If God did that with His “chosen” people, what makes us think that the United States of America will fare better in her idolatry? America may not worship the grotesque idols of the ancients, but we do have our idols. Our greatest idol is egocentrism. We worship self. We offer up to self our time, our efforts, our money, and yes, even our babies. Babies are a major inconvenience to our own desires. They can cramp our style, so mothers can “choose” at any time to sacrifice their babies to the god of self. Just as the ancients placed their live babies onto the firey hands of Molech, modern mothers can place their live babies into the murderous and greedy hands of Planned Parenthood abortionists.

That is not all the ancients did. The worship of their gods included ritual sex with temple prostitutes – male and female prostitutes. These were not only for heterosexual sex; the practice included homosexual sex. God considers such acts as abominable.[5] Today, our god of self allows for this practice even to the point of assigning your preferred gender to yourself. This perversion is not only acceptable; it is encouraged. As the decline of social mores rapidly accelerates in decay, the words of Paul to the Romans ring ever truer.

“Professing themselves to be wise, they became fools … Wherefore God also gave them up to uncleanness through the lusts of their own hearts, to dishonour their own bodies between themselves … For this cause God gave them up unto vile affections: for even their women did change the natural use into that which is against nature: And likewise also the men, leaving the natural use of the woman, burned in their lust one toward another; men with men working that which is unseemly, and receiving in themselves that recompence of their error which was meet.
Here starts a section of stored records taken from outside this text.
lemma variance_sum_indep_vars:
  fixes Y :: "'i \<Rightarrow> 'a \<Rightarrow> real"
  assumes "finite J" and indep: "indep_vars (\<lambda>_. borel) Y J"
    and square_int: "\<And>i. i \<in> J \<Longrightarrow> integrable M (\<lambda>\<omega>. (Y i \<omega>)\<^sup>2)"
  shows "integrable M (\<lambda>\<omega>. (\<Sum>i\<in>J. Y i \<omega>)\<^sup>2)"
    and "variance (\<lambda>\<omega>. \<Sum>i\<in>J. Y i \<omega>) = (\<Sum>i\<in>J. variance (Y i))"
proof -
  have [measurable]: "Y i \<in> borel_measurable M" if "i \<in> J" for i
    using indep that by (auto simp: indep_vars_def)
  have int: "integrable M (Y i)" if "i \<in> J" for i
    using square_integrable_imp_integrable[OF _ square_int[OF that]] that by simp
  have int_mult: "integrable M (\<lambda>\<omega>. Y i \<omega> * Y j \<omega>)" if "i \<in> J" "j \<in> J" for i j
    using that square_int[of i] indep_vars_expectation_mult(1)[OF indep that _ int int]
    by (cases "i = j") (auto simp: power2_eq_square)
  show square_int_sum: "integrable M (\<lambda>\<omega>. (\<Sum>i\<in>J. Y i \<omega>)\<^sup>2)"
    by (simp add: power2_eq_square sum_product int_mult)
  have cross_terms: "(\<Sum>j\<in>J. expectation (\<lambda>\<omega>. Y i \<omega> * Y j \<omega>) - expectation (Y i) * expectation (Y j))
      = variance (Y i)" if "i \<in> J" for i
  proof -
    have "expectation (\<lambda>\<omega>. Y i \<omega> * Y j \<omega>) = expectation (Y i) * expectation (Y j)"
      if "j \<in> J" "j \<noteq> i" for j
      using indep_vars_expectation_mult(2)[OF indep \<open>i \<in> J\<close> that(1)] that int \<open>i \<in> J\<close> by auto
    then have "(\<Sum>j\<in>J. expectation (\<lambda>\<omega>. Y i \<omega> * Y j \<omega>) - expectation (Y i) * expectation (Y j))
        = (\<Sum>j\<in>J. if j = i then expectation (\<lambda>\<omega>. (Y i \<omega>)\<^sup>2) - (expectation (Y i))\<^sup>2 else 0)"
      by (intro sum.cong) (auto simp: power2_eq_square)
    also have "\<dots> = variance (Y i)"
      using that \<open>finite J\<close> int square_int by (simp add: variance_eq)
    finally show ?thesis .
  qed
  have "variance (\<lambda>\<omega>. \<Sum>i\<in>J. Y i \<omega>)
      = expectation (\<lambda>\<omega>. (\<Sum>i\<in>J. Y i \<omega>)\<^sup>2) - (expectation (\<lambda>\<omega>. \<Sum>i\<in>J. Y i \<omega>))\<^sup>2"
    using int square_int_sum by (intro variance_eq) auto
  also have "\<dots> = (\<Sum>i\<in>J. \<Sum>j\<in>J. expectation (\<lambda>\<omega>. Y i \<omega> * Y j \<omega>) - expectation (Y i) * expectation (Y j))"
    using int int_mult by (simp add: power2_eq_square sum_product sum_subtractf)
  also have "\<dots> = (\<Sum>i\<in>J. variance (Y i))"
    by (rule sum.cong) (simp_all add: cross_terms)
  finally show "variance (\<lambda>\<omega>. \<Sum>i\<in>J. Y i \<omega>) = (\<Sum>i\<in>J. variance (Y i))" .
qed
lemma phi_antimono: "x \<le> y \<Longrightarrow> y \<le> x\<^sub>\<alpha> \<Longrightarrow> \<phi> y \<le> \<phi> x"
  using phi_ge_xplus[of x] Falpha_phi[of x] Falpha_phi[of y] Falpha_antimono[of x y]
    Falpha_strict_mono[of "\<phi> x" "\<phi> y"]
  by force

lemma phi_xplus: "\<phi> x\<^sub>\<alpha> = x\<^sub>\<alpha>"
  unfolding phi_def by (rule Finv_eqI) auto

lemma phi_left: "x \<le> - a \<Longrightarrow> \<phi> x = F x / (1 - \<alpha>)"
proof -
  assume "x \<le> - a"
  then have "(1 - \<alpha>) * a \<le> (1 + \<alpha>) * (- x)"
    using alpha_nonneg alpha_less_1 a_pos by (intro mult_mono) auto
  also have "\<dots> = F x" using Falpha_left[OF \<open>x \<le> - a\<close>] by (simp add: algebra_simps)
  finally have "a \<le> F x / (1 - \<alpha>)"
    using alpha_less_1 by (simp add: pos_le_divide_eq mult.commute)
  then show ?thesis
    unfolding phi_def using Falpha_right alpha_less_1 xplus_in_Icc by (intro Finv_eqI) auto
qed

lemma phi_continuous: "continuous_on {-a..x\<^sub>\<alpha>} \<phi>"
proof -
  have "continuous_on (F ` {x\<^sub>\<alpha>..\<phi> (- a)}) (Finv a f \<alpha>)"
    by (rule continuous_on_inv[OF Falpha_continuous compact_Icc]) (auto intro: Finv_eqI)
  moreover have "F ` {-a..x\<^sub>\<alpha>} \<subseteq> F ` {x\<^sub>\<alpha>..\<phi> (- a)}"
  proof
    fix y assume "y \<in> F ` {-a..x\<^sub>\<alpha>}"
    then obtain x where x: "x \<in> {-a..x\<^sub>\<alpha>}" "y = F x" by auto
    then have "\<phi> x \<in> {x\<^sub>\<alpha>..\<phi> (- a)}" using phi_ge_xplus phi_antimono by auto
    then show "y \<in> F ` {x\<^sub>\<alpha>..\<phi> (- a)}" using Falpha_phi x by (metis image_eqI)
  qed
  ultimately show ?thesis
    unfolding phi_def by (rule continuous_on_compose2[OF _ Falpha_continuous])
qed

definition shift :: "real \<Rightarrow> real" where "shift x = x + delta a f \<alpha> x"

lemma shift_expanding: "x \<le> y \<Longrightarrow> y \<le> x\<^sub>\<alpha> \<Longrightarrow> y - x \<le> shift y - shift x"
proof -
  assume "x \<le> y" "y \<le> x\<^sub>\<alpha>"
  then have "\<phi> y \<le> \<phi> x" by (rule phi_antimono)
  then have "f (\<phi> x) - f (\<phi> y) \<le> \<phi> x - \<phi> y" by (rule f_diff_le)
  then have "F x - F y \<le> (1 - \<alpha>) * (\<phi> x - \<phi> y)"
    using Falpha_phi[of x] Falpha_phi[of y] by (simp add: Falpha_def algebra_simps)
  then have "(F x - F y) / (1 - \<alpha>) \<le> \<phi> x - \<phi> y"
    using alpha_less_1 by (simp add: pos_divide_le_eq mult.commute)
  then show ?thesis unfolding shift_def delta_def by (simp add: diff_divide_distrib)
qed

lemma shift_left: "x \<le> - a \<Longrightarrow> shift x = x"
  unfolding shift_def delta_def by (simp add: phi_left)

lemma shift_continuous: "continuous_on {-a..x\<^sub>\<alpha>} shift"
  unfolding shift_def delta_def
  by (intro continuous_intros Falpha_continuous phi_continuous) (use alpha_less_1 in auto)

abbreviation s\<^sub>\<alpha> :: real where "s\<^sub>\<alpha> \<equiv> salpha a f \<alpha>"

lemma salpha_shift: "s\<^sub>\<alpha> = shift x\<^sub>\<alpha>"
  unfolding salpha_def shift_def ..

lemma salpha_Falpha: "s\<^sub>\<alpha> = F x\<^sub>\<alpha> / (1 - \<alpha>)"
  unfolding salpha_def delta_def phi_xplus by simp

lemma minus_a_le_salpha: "- a \<le> s\<^sub>\<alpha>"
  using shift_expanding[of "- a" x\<^sub>\<alpha>] shift_left[of "- a"] xplus_in_Icc salpha_shift by auto

abbreviation \<tau> :: "real \<Rightarrow> real" where "\<tau> \<equiv> tau a f \<alpha>"

lemma tau_eqI: "x \<le> x\<^sub>\<alpha> \<Longrightarrow> shift x = y \<Longrightarrow> \<tau> y = x"
  unfolding tau_def shift_def[symmetric]
proof (rule the_equality)
  fix z assume "x \<le> x\<^sub>\<alpha>" "shift x = y" "z \<le> x\<^sub>\<alpha> \<and> shift z = y"
  then show "z = x"
    using shift_expanding[of x z] shift_expanding[of z x] by (cases "x \<le> z") auto
qed auto

lemma
  assumes "y \<le> s\<^sub>\<alpha>"
  shows tau_le_xplus: "\<tau> y \<le> x\<^sub>\<alpha>" and shift_tau: "shift (\<tau> y) = y"
proof -
  obtain x where "x \<le> x\<^sub>\<alpha>" "shift x = y"
  proof (cases "y \<le> - a")
    case True
    then show ?thesis using that[of y] shift_left xplus_in_Icc by auto
  next
    case False
    then have "shift (- a) \<le> y" "y \<le> shift x\<^sub>\<alpha>" using shift_left assms salpha_shift by auto
    then show ?thesis
      using that IVT'[OF _ _ _ shift_continuous] xplus_in_Icc by force
  qed
  then show "\<tau> y \<le> x\<^sub>\<alpha>" "shift (\<tau> y) = y" using tau_eqI by auto
qed

lemma tau_continuous: "continuous_on {..s\<^sub>\<alpha>} \<tau>"
proof (rule lipschitz_on_continuous_on)
  show "1-lipschitz_on {..s\<^sub>\<alpha>} \<tau>"
  proof (rule lipschitz_onI)
    fix y z assume "y \<in> {..s\<^sub>\<alpha>}" "z \<in> {..s\<^sub>\<alpha>}"
    then show "dist (\<tau> y) (\<tau> z) \<le> 1 * dist y z"
      using tau_le_xplus[of y] tau_le_xplus[of z] shift_tau[of y] shift_tau[of z]
        shift_expanding[of "\<tau> y" "\<tau> z"] shift_expanding[of "\<tau> z" "\<tau> y"]
      by (cases "\<tau> y \<le> \<tau> z") (auto simp: dist_real_def)
  qed simp
qed

lemma Sh_salpha: "Sh a \<alpha> f s\<^sub>\<alpha> = s\<^sub>\<alpha>"
proof -
  have "\<tau> s\<^sub>\<alpha> = x\<^sub>\<alpha>" using tau_eqI[of x\<^sub>\<alpha>] salpha_shift by simp
  then have "Sh a \<alpha> f s\<^sub>\<alpha> = \<alpha> * s\<^sub>\<alpha> + F x\<^sub>\<alpha>" by (simp add: Sh_def)
  also have "\<dots> = s\<^sub>\<alpha>" unfolding salpha_Falpha using alpha_less_1 by (simp add: field_simps)
  finally show ?thesis .
qed

lemma Sh_continuous: "continuous_on UNIV (Sh a \<alpha> f)"
proof -
  have "continuous_on {..s\<^sub>\<alpha>} (Sh a \<alpha> f)"
  proof (rule continuous_on_eq)
    show "continuous_on {..s\<^sub>\<alpha>} (\<lambda>x. \<alpha> * x + F (\<tau> x))"
      by (intro continuous_intros continuous_on_compose2[OF Falpha_continuous tau_continuous]) auto
  qed (simp add: Sh_def)
  moreover have "continuous_on {s\<^sub>\<alpha>..} (Sh a \<alpha> f)"
  proof (rule continuous_on_eq)
    show "continuous_on {s\<^sub>\<alpha>..} (\<lambda>x. x)" by (rule continuous_on_id)
  qed (use Sh_salpha in \<open>auto simp: Sh_def\<close>)
  ultimately have "continuous_on ({..s\<^sub>\<alpha>} \<union> {s\<^sub>\<alpha>..}) (Sh a \<alpha> f)"
    by (intro continuous_on_closed_Un) auto
  moreover have "{..s\<^sub>\<alpha>} \<union> {s\<^sub>\<alpha>..} = UNIV" by auto
  ultimately show ?thesis by simp
qed

lemma Sh_eq_abs: "max a (\<bar>s\<^sub>\<alpha>\<bar> + 1) \<le> \<bar>x\<bar> \<Longrightarrow> Sh a \<alpha> f x = \<bar>x\<bar>"
proof (cases "x \<le> 0")
  case True
  assume "max a (\<bar>s\<^sub>\<alpha>\<bar> + 1) \<le> \<bar>x\<bar>"
  with True have "x \<le> - a" by auto
  then have "x \<le> s\<^sub>\<alpha>" and "\<tau> x = x"
    using minus_a_le_salpha tau_eqI[of x x] shift_left xplus_in_Icc by auto
  then show ?thesis using f_eq_abs[of x] \<open>x \<le> - a\<close> a_pos by (simp add: Sh_def Falpha_def)
qed (auto simp: Sh_def)

end

theorem proposition3p26:
  fixes a \<alpha> :: real and f :: "real \<Rightarrow> real"
  assumes "a > 0" and "0 \<le> \<alpha>" and "\<alpha> < 1" and "f \<in> class_C a"
  defines "g \<equiv> Sh a \<alpha> f"
  shows "((\<lambda>\<eta>. supnorm (\<lambda>x. g x - rescale (1 + \<eta> / 2) g x)) \<longlongrightarrow> 0) (at_right 0)
       \<and> ((\<lambda>\<eta>. supnorm (\<lambda>x. g x - rescale (1 - \<eta> / 2) g x)) \<longlongrightarrow> 0) (at_right 0)"
proof -
  interpret class_C_shift a f \<alpha> using assms(1-4) by unfold_locales
  have "((\<lambda>\<eta>. supnorm (\<lambda>x. g x - rescale (c \<eta>) g x)) \<longlongrightarrow> 0) (at_right 0)"
    if "(c \<longlongrightarrow> 1) (at_right 0)" for c :: "real \<Rightarrow> real"
    unfolding g_def using Sh_continuous Sh_eq_abs that by (rule supnorm_rescale_tendsto_0)
  moreover have "((\<lambda>\<eta>::real. 1 + \<eta> / 2) \<longlongrightarrow> 1) (at_right 0)"
    and "((\<lambda>\<eta>::real. 1 - \<eta> / 2) \<longlongrightarrow> 1) (at_right 0)"
    by (auto intro!: tendsto_eq_intros)
  ultimately show ?thesis by blast
qed

end
(* Let $G$ be a group with a symmetric, finitely supported generating probability measure $\mu$, and suppose that $(G,\mu)$ admits at least one non-constant positive harmonic function. Then the set of positive harmonic functions on $(G,\mu)$ spans an infinite-dimensional real vector space.
   Context: $\mu$ is generating if the semigroup generated by $\operatorname{supp}\mu$ is $G$, symmetric if $\mu(g)=\mu(g^{-1})$. $f:G\to\mathbb{R}$ is harmonic if $f(x)=\sum_{s\in\operatorname{supp}\mu}\mu(s)f(xs)$ for all $x$; it is positive if it takes only positive values. *)

theory Defs
  imports "HOL-Analysis.Analysis" "HOL-Library.Function_Algebras"
begin

(* Groups are written additively via the type class group_add
   (NOT assumed commutative): the group product x s is written x + s,
   the inverse g^-1 is -g. *)

definition supp_meas :: "('a \<Rightarrow> real) \<Rightarrow> 'a set" where
  "supp_meas \<mu> = {g. \<mu> g \<noteq> 0}"

definition prob_measure_on_group :: "('a \<Rightarrow> real) \<Rightarrow> bool" where
  "prob_measure_on_group \<mu> \<longleftrightarrow> (\<forall>g. \<mu> g \<ge> 0) \<and> finite (supp_meas \<mu>)
     \<and> (\<Sum>g\<in>supp_meas \<mu>. \<mu> g) = 1"

inductive_set sgrp_gen :: "'a::group_add set \<Rightarrow> 'a set" for S where
  base: "s \<in> S \<Longrightarrow> s \<in> sgrp_gen S"
| step: "x \<in> sgrp_gen S \<Longrightarrow> s \<in> S \<Longrightarrow> x + s \<in> sgrp_gen S"

definition generating :: "('a::group_add \<Rightarrow> real) \<Rightarrow> bool" where
  "generating \<mu> \<longleftrightarrow> sgrp_gen (supp_meas \<mu>) = UNIV"

definition symmetric_meas :: "('a::group_add \<Rightarrow> real) \<Rightarrow> bool" where
  "symmetric_meas \<mu> \<longleftrightarrow> (\<forall>g. \<mu> g = \<mu> (- g))"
And even as they did not like to retain God in their knowledge, God gave them over to a reprobate mind, to do those things which are not convenient; Being filled with all unrighteousness, fornication, wickedness, covetousness, maliciousness; full of envy, murder, debate, deceit, malignity; whisperers, Backbiters, haters of God, despiteful, proud, boasters, inventors of evil things, disobedient to parents, Without understanding, covenantbreakers, without natural affection, implacable, unmerciful: Who knowing the judgment of God, that they which commit such things are worthy of death, not only do the same, but have pleasure in them that do them” (Romans 1:22, 24, 26-32, emphasis mine).

That is the true state of our union. I was proud of our President Trump in his State of the Union address. His message was positive, encouraging and hopeful. However, in the gallery sat those who applauded only when their selfish interests were addressed. When the President spoke for the sanctity of life, for religious freedom, and against socialism, those same white-clad egotists sat grimacing on their hands. Sadly, these are the ones in power who will thwart every well-intentioned effort by our President.

The light shines brightest when it’s darkest I’ve been told. However, if the dark is a black hole, no light will ever penetrate. If God turned His back on His chosen people, for, arguably, less than our national sin, why should we expect to fare any better? Our only hope is for Jesus to return to reign on earth. From the “signs of the times,” that event can happen any time.

I hope, as you read this, that you are ready for that moment. If you are not sure, please read my page on Securing Eternal Life.

Notes:


[1]  2 Kings 24:11-16; 2 Chronicles 36:5-8

[2]  2 Kings 24:17-19; 2 Chronicles 36:10-12

[3]  Ezekiel 23:4

[4]  The final prophet to speak for God after Judah’s return to the land was Malachi. For 400 years after that, the voice of a prophet was not heard in Israel until “the voice of one crying in the wilderness,” (Matthew 3:3; Mark 1:3; Luke 3:4; John 1:23) John the Baptist. He announced the coming of Messiah whom the Jews rejected. That rejection resulted in the complete destruction of Jerusalem and the Diaspora that lasted almost 2000 years until the rebirth of Israel on May 14, 1948.